_Problem description_
If a line in the entries below includes the string "auto", copy it out.

_Source information_
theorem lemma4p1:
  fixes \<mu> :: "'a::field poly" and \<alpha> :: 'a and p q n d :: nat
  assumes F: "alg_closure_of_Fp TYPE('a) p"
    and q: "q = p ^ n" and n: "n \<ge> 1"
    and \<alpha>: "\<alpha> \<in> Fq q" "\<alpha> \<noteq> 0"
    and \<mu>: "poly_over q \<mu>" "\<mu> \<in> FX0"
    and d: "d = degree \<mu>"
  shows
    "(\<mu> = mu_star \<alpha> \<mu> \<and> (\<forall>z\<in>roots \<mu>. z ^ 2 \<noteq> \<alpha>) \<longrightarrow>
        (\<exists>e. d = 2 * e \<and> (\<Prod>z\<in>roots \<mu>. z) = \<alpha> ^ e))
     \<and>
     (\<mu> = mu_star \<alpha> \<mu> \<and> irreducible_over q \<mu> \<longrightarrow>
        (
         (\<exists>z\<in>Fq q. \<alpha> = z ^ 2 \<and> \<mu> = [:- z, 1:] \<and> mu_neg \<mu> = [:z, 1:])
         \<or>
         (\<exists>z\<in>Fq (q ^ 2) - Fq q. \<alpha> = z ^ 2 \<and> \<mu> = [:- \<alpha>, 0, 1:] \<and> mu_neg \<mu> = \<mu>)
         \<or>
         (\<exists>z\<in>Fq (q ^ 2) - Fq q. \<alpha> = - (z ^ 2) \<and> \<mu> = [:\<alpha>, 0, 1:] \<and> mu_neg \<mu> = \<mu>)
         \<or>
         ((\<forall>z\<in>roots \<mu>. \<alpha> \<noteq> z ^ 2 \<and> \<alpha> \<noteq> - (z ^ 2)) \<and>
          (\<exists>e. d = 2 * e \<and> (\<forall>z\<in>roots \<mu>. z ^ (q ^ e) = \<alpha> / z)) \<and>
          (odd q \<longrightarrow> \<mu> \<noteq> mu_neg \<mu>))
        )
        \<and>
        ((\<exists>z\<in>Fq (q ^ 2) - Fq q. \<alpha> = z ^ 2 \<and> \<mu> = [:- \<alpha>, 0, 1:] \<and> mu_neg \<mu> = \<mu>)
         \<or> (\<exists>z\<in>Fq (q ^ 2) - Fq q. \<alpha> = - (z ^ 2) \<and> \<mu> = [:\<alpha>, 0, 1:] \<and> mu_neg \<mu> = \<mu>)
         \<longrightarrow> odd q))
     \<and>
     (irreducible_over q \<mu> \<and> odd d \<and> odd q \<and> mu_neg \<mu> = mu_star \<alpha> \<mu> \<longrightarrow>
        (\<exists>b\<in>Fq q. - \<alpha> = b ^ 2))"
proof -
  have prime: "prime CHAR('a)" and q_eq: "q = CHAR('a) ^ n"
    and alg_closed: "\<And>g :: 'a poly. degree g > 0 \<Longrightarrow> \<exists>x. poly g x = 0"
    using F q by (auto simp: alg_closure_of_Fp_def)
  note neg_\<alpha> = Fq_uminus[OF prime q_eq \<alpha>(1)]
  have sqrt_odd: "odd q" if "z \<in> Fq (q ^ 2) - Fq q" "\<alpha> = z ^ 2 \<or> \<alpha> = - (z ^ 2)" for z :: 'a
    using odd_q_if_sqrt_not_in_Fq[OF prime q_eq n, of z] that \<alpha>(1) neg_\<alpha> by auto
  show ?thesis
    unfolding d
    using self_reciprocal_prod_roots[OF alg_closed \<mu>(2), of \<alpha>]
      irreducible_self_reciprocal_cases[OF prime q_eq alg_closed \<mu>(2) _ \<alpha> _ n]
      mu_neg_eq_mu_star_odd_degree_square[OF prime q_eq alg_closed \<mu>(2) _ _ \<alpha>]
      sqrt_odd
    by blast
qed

_Task result_
    using F q by (auto simp: alg_closure_of_Fp_def)
    using odd_q_if_sqrt_not_in_Fq[OF prime q_eq n, of z] that \<alpha>(1) neg_\<alpha> by auto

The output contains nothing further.